[Source data]

-- -- --

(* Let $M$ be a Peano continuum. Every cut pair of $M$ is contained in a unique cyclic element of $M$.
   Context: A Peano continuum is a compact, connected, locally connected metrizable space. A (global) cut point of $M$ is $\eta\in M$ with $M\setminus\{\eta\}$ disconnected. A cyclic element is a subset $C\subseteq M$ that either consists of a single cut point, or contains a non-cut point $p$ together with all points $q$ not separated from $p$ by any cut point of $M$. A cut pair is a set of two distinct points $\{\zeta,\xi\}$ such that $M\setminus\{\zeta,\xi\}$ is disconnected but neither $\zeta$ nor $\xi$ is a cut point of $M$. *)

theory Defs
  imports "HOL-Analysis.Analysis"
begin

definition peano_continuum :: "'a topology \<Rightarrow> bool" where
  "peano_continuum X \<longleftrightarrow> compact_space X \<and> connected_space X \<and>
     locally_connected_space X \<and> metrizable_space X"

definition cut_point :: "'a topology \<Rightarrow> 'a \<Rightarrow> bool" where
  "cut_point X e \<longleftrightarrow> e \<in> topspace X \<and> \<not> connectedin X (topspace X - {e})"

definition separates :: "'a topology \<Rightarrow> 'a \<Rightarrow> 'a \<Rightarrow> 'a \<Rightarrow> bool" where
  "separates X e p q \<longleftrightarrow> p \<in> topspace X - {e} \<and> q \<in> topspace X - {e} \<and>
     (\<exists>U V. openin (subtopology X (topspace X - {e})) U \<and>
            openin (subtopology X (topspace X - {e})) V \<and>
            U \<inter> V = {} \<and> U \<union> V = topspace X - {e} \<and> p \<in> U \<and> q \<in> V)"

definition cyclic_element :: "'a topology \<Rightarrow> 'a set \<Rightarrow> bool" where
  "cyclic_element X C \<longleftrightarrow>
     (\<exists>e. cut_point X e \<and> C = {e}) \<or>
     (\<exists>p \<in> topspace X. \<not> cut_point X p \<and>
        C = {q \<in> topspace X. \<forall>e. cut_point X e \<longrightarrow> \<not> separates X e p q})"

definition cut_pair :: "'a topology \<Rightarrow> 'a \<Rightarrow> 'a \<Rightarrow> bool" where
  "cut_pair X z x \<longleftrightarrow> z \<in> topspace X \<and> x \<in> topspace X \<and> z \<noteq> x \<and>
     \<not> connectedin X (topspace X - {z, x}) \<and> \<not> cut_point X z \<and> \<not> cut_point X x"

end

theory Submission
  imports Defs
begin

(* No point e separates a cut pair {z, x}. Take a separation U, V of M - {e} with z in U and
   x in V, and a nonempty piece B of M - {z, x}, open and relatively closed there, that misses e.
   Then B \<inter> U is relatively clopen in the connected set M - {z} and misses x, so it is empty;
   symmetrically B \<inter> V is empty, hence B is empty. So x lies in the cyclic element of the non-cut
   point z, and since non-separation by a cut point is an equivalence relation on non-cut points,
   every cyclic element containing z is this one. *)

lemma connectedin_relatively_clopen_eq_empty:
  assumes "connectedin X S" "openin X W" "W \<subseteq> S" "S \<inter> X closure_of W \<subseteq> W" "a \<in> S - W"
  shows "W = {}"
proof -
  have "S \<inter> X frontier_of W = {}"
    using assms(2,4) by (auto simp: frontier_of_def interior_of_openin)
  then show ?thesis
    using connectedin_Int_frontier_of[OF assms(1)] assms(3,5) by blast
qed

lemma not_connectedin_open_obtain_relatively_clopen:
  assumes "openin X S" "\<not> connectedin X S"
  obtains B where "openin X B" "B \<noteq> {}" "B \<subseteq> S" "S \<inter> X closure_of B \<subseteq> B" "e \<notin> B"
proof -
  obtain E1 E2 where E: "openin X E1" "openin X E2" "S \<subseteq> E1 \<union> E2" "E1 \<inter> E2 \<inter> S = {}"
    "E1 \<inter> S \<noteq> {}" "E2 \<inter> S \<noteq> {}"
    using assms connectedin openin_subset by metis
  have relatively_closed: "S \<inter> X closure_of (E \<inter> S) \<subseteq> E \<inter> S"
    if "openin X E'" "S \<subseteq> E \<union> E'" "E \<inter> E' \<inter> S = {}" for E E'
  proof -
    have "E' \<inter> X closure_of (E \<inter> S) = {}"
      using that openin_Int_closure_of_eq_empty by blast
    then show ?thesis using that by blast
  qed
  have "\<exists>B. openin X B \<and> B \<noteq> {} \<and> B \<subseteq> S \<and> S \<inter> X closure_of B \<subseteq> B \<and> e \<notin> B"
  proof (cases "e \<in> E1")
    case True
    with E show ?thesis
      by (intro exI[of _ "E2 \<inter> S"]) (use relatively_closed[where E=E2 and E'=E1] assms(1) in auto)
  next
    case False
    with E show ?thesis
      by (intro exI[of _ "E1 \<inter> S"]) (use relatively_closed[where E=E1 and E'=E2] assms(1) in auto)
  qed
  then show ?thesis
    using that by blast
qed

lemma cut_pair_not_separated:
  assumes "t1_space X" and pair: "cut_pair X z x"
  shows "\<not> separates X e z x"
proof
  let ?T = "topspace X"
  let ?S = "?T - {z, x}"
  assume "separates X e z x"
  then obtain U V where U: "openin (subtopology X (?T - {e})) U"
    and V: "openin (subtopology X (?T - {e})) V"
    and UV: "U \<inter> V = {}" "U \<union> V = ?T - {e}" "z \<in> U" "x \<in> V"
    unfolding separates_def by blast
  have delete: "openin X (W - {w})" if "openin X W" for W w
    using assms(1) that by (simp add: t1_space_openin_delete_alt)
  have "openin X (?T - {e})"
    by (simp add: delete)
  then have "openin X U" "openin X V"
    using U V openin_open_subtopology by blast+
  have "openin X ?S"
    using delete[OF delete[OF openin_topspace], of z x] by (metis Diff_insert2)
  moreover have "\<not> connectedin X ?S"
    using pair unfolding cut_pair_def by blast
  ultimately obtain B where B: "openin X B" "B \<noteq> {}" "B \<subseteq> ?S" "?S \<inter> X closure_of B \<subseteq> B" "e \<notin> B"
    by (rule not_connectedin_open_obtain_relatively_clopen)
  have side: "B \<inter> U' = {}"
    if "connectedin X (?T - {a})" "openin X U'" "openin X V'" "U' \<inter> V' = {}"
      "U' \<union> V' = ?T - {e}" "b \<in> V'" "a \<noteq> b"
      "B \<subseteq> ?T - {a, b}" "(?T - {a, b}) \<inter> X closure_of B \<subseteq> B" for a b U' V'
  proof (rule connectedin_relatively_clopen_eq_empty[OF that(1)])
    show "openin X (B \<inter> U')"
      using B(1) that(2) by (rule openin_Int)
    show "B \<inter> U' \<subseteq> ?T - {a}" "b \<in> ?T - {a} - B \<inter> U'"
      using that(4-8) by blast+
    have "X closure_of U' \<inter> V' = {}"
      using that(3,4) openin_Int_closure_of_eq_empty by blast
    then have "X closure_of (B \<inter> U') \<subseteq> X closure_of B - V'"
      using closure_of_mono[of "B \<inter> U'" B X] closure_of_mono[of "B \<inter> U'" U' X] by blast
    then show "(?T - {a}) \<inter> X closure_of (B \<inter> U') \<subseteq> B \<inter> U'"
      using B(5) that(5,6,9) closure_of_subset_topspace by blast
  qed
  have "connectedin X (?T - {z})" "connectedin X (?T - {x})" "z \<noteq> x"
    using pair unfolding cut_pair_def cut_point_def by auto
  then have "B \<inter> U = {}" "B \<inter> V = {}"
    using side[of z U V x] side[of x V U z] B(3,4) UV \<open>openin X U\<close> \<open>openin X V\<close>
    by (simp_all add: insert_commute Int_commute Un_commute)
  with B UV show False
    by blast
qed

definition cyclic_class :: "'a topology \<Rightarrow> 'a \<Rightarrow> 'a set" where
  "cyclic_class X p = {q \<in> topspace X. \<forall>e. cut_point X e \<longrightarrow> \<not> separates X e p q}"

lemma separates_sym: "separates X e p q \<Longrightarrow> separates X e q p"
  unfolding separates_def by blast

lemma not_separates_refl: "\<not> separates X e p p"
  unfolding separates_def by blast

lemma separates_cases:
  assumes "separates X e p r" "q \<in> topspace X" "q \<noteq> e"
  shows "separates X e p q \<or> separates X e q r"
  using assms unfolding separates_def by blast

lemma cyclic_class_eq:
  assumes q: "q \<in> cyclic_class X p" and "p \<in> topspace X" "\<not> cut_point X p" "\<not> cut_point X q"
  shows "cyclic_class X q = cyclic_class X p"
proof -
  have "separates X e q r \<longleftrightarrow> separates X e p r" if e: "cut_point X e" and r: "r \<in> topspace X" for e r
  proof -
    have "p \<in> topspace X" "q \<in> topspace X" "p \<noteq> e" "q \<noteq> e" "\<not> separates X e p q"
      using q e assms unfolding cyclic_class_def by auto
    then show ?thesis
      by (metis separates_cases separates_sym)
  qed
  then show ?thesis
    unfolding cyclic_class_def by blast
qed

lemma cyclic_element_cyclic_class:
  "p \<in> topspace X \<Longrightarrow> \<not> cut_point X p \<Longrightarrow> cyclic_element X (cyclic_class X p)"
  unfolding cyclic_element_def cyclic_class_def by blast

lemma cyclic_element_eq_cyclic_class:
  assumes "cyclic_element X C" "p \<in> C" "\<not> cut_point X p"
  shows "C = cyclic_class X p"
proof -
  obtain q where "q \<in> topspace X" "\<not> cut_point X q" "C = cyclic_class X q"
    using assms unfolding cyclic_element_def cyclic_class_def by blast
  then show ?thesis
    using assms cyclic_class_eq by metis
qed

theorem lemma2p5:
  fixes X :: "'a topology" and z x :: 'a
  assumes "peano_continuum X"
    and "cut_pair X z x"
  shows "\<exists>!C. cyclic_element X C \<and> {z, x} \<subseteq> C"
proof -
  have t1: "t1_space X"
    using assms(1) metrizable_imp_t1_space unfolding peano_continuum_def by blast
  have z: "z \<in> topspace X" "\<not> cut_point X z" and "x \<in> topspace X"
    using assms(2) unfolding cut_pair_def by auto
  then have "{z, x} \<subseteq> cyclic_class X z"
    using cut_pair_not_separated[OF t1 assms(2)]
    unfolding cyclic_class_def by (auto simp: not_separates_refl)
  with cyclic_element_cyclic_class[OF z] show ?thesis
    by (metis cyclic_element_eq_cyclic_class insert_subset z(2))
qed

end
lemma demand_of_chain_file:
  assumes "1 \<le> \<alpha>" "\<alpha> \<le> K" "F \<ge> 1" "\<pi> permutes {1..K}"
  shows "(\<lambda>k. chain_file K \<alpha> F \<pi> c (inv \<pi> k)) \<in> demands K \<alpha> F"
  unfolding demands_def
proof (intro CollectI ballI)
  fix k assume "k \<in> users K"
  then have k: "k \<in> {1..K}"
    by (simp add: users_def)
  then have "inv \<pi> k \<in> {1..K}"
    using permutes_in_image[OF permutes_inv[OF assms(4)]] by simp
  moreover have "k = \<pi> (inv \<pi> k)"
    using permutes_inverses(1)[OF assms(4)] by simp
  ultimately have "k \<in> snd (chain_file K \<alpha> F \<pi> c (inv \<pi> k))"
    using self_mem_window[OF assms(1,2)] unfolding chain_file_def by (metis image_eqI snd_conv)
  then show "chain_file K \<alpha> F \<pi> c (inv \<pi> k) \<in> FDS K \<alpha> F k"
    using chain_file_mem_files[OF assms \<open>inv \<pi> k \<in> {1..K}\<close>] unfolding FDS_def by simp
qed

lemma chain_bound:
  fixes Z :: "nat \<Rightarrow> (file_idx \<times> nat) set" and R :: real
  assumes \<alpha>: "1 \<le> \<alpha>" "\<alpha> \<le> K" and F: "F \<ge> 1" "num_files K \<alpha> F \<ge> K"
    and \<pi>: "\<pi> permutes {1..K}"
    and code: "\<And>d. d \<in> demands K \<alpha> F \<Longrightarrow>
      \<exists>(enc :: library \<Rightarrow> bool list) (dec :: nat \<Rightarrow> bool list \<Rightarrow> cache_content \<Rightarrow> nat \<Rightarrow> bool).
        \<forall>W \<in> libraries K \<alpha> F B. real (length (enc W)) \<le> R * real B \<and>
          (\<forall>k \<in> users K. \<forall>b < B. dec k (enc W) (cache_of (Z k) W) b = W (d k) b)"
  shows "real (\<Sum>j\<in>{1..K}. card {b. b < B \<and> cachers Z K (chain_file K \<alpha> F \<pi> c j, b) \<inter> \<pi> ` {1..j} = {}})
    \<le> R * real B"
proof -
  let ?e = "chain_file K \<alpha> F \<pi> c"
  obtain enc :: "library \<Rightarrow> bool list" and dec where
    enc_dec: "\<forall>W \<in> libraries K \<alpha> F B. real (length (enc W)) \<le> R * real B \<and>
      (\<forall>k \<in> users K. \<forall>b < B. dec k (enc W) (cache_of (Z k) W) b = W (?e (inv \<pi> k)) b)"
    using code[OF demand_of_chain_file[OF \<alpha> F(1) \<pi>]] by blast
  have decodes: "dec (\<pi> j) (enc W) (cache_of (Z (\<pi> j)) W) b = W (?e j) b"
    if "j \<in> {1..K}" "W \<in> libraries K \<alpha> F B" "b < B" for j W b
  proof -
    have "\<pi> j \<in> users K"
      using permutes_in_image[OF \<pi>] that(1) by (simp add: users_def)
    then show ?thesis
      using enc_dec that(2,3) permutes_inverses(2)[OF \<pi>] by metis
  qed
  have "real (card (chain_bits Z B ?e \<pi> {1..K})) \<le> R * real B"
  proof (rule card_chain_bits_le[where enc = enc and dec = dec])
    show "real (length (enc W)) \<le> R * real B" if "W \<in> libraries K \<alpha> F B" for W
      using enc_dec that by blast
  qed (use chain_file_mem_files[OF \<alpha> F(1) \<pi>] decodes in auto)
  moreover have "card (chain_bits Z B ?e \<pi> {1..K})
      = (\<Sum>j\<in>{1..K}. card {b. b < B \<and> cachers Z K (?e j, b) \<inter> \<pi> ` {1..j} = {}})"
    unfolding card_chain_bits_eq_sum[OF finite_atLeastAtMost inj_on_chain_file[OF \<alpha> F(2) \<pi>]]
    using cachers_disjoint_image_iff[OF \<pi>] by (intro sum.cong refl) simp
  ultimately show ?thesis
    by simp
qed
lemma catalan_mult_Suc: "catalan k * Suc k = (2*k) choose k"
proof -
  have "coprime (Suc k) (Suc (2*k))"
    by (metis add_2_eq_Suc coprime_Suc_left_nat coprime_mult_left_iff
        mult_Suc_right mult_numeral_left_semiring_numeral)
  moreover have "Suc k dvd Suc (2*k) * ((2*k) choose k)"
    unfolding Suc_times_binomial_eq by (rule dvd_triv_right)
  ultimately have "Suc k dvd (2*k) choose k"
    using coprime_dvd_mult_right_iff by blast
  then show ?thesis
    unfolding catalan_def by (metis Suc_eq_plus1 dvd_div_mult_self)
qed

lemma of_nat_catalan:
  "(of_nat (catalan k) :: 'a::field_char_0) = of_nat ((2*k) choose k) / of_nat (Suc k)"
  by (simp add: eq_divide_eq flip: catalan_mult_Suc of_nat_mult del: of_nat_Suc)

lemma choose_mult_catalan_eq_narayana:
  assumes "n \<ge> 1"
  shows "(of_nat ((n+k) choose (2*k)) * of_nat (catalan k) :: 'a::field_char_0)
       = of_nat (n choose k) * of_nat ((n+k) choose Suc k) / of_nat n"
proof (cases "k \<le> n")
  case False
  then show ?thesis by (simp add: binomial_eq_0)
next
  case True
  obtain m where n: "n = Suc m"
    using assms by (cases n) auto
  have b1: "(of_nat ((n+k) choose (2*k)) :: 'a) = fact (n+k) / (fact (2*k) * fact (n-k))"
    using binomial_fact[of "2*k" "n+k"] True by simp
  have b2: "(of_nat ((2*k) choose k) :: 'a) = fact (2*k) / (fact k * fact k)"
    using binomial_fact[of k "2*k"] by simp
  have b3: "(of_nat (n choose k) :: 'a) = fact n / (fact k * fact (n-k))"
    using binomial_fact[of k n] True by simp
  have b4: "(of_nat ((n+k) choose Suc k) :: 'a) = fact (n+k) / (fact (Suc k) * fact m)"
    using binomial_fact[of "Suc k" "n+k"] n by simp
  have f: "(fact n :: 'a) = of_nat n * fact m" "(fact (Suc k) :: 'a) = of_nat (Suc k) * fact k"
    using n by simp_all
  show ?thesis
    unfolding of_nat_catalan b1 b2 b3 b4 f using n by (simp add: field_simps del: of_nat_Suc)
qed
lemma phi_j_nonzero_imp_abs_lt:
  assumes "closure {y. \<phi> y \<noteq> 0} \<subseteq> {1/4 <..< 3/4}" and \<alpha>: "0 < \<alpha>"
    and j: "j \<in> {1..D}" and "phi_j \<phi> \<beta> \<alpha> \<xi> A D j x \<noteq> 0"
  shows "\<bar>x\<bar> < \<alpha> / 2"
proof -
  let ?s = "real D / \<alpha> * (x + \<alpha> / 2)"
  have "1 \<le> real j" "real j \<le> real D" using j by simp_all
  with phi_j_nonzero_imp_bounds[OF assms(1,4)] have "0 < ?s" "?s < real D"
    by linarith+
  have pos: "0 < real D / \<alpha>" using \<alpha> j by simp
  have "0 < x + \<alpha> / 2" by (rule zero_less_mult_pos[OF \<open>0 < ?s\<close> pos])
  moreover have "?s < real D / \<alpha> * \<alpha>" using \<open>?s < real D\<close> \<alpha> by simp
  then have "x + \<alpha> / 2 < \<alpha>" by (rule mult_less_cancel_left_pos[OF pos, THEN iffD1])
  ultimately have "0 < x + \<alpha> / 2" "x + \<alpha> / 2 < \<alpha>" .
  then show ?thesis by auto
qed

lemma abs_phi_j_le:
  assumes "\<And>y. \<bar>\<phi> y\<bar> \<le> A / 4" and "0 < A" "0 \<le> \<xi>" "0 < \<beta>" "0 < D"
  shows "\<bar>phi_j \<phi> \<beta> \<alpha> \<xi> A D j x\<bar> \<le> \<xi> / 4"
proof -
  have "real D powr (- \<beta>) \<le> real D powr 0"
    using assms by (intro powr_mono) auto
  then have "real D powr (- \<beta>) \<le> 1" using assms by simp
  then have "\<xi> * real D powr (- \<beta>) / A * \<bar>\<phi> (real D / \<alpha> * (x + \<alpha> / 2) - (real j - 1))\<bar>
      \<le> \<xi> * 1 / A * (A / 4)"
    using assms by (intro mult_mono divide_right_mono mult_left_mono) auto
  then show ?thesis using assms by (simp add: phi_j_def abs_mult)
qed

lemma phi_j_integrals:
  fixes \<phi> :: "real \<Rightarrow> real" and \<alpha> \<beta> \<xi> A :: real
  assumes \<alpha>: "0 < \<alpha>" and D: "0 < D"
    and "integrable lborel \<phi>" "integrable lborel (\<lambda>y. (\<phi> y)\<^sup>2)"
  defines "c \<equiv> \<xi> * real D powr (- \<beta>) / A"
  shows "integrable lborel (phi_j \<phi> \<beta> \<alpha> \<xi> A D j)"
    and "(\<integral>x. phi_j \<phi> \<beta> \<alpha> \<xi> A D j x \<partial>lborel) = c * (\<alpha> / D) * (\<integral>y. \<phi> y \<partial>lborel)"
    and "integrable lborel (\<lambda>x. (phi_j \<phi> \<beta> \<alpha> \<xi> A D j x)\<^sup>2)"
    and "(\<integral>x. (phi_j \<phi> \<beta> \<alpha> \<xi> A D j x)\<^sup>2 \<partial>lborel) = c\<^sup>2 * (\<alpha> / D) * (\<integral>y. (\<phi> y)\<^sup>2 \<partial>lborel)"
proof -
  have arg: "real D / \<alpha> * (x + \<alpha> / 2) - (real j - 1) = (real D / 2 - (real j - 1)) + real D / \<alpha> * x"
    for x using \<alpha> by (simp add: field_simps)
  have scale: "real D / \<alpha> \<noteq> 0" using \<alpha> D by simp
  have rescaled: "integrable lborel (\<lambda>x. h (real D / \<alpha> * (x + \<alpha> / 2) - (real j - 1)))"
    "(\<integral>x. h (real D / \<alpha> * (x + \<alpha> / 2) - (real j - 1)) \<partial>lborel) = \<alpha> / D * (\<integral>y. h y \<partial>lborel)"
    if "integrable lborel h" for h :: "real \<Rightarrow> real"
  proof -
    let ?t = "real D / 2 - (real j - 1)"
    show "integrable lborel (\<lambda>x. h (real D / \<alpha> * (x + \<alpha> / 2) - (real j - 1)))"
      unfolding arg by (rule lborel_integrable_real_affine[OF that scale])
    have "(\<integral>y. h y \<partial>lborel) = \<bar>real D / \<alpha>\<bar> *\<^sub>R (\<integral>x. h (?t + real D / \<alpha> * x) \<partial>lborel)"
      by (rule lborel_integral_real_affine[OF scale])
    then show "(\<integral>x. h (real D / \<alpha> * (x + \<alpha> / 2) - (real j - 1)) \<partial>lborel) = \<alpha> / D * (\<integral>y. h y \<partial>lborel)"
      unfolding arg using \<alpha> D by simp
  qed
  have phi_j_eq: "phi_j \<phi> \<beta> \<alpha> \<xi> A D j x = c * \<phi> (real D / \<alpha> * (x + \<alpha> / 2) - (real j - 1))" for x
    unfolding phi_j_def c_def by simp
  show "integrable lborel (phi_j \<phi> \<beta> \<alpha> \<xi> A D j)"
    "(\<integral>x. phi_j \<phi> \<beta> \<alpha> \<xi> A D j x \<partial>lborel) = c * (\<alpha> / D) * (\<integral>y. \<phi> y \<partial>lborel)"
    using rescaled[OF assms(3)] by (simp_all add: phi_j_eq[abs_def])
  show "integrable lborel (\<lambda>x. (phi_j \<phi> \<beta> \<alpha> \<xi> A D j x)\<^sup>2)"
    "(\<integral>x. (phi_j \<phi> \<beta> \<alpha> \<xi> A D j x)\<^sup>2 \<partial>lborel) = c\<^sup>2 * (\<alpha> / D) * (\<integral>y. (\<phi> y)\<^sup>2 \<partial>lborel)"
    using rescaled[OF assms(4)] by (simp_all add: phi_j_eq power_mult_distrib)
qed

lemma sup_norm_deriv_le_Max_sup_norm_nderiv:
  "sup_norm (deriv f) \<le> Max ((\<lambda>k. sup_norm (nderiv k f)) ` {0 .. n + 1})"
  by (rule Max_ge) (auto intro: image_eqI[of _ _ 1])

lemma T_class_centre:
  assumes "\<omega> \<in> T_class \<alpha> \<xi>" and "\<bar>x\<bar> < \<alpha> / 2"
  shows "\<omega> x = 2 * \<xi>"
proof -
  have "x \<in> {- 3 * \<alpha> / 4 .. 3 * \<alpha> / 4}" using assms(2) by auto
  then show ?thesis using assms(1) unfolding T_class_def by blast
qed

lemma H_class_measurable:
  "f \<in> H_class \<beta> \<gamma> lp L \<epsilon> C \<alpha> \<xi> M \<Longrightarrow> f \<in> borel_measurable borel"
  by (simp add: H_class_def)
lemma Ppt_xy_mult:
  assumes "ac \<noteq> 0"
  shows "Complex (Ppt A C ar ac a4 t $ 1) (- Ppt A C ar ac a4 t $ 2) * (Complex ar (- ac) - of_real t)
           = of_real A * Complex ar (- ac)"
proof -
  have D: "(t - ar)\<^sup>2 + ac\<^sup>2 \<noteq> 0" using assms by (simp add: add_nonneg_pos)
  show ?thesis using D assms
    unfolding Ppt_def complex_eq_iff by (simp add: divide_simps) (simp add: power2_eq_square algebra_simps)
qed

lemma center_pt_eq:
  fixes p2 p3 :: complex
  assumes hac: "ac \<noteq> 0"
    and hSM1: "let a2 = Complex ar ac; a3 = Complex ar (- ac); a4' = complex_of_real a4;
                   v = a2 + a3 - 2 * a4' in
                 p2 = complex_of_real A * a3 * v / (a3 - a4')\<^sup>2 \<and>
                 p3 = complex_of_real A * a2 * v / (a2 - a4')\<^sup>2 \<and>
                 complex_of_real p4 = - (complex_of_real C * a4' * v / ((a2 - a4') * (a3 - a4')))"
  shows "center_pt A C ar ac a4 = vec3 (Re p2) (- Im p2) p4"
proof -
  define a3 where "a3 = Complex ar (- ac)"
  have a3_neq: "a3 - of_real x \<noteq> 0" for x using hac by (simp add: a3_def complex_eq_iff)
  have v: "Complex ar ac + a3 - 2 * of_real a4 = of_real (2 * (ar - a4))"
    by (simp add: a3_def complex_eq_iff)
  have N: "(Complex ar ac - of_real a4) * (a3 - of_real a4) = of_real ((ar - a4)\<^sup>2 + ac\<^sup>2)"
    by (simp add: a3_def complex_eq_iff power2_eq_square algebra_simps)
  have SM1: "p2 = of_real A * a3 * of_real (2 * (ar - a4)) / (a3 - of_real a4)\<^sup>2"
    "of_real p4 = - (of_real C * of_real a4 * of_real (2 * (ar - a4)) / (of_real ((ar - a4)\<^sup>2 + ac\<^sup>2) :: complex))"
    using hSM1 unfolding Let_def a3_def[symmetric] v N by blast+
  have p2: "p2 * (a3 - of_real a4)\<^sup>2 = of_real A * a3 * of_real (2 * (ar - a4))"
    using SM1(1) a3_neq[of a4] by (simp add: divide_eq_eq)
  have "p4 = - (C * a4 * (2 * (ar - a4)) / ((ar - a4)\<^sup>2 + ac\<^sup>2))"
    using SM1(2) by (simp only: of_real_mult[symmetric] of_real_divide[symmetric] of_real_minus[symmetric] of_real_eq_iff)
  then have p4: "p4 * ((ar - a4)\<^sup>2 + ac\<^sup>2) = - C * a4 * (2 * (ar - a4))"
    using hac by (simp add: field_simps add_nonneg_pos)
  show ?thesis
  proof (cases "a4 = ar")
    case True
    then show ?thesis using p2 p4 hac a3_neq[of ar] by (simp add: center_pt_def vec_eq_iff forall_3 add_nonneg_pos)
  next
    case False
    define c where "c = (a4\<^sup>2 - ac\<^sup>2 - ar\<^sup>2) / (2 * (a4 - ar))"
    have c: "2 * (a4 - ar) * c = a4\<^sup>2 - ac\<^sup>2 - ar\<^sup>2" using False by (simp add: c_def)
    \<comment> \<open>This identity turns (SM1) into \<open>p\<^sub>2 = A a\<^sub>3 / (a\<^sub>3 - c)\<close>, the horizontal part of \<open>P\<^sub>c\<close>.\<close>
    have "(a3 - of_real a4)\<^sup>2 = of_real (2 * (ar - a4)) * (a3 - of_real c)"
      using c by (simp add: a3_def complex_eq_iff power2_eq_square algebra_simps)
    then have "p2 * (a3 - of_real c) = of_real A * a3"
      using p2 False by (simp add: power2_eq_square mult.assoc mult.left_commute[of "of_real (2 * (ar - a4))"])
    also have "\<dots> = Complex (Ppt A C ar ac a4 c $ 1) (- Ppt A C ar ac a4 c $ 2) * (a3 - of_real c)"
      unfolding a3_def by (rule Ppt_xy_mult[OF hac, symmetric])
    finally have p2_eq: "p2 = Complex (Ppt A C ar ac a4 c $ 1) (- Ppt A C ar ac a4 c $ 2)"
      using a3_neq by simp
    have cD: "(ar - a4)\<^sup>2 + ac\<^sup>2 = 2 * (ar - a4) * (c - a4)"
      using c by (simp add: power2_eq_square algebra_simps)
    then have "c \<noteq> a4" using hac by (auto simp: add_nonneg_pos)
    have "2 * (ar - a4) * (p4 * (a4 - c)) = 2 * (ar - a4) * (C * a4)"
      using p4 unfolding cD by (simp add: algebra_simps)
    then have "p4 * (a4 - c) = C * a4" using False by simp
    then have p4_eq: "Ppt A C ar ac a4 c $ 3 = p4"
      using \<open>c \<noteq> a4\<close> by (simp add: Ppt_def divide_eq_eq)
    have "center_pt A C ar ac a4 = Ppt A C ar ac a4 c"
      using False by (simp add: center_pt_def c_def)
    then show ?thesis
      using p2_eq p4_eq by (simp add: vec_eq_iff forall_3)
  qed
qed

-- -- --

TASK DIRECTIONS:
The required output is the stretch of entries above from the line containing "using assms(1) metrizable_imp_t1_space" through the line containing "k) \<in> FDS", reproduced exactly.

RESPONSE AREA:
    using assms(1) metrizable_imp_t1_space unfolding peano_continuum_def by blast
  have z: "z \<in> topspace X" "\<not> cut_point X z" and "x \<in> topspace X"
    using assms(2) unfolding cut_pair_def by auto
  then have "{z, x} \<subseteq> cyclic_class X z"
    using cut_pair_not_separated[OF t1 assms(2)]
    unfolding cyclic_class_def by (auto simp: not_separates_refl)
  with cyclic_element_cyclic_class[OF z] show ?thesis
    by (metis cyclic_element_eq_cyclic_class insert_subset z(2))
qed

end
lemma demand_of_chain_file:
  assumes "1 \<le> \<alpha>" "\<alpha> \<le> K" "F \<ge> 1" "\<pi> permutes {1..K}"
  shows "(\<lambda>k. chain_file K \<alpha> F \<pi> c (inv \<pi> k)) \<in> demands K \<alpha> F"
  unfolding demands_def
proof (intro CollectI ballI)
  fix k assume "k \<in> users K"
  then have k: "k \<in> {1..K}"
    by (simp add: users_def)
  then have "inv \<pi> k \<in> {1..K}"
    using permutes_in_image[OF permutes_inv[OF assms(4)]] by simp
  moreover have "k = \<pi> (inv \<pi> k)"
    using permutes_inverses(1)[OF assms(4)] by simp
  ultimately have "k \<in> snd (chain_file K \<alpha> F \<pi> c (inv \<pi> k))"
    using self_mem_window[OF assms(1,2)] unfolding chain_file_def by (metis image_eqI snd_conv)
  then show "chain_file K \<alpha> F \<pi> c (inv \<pi> k) \<in> FDS K \<alpha> F k"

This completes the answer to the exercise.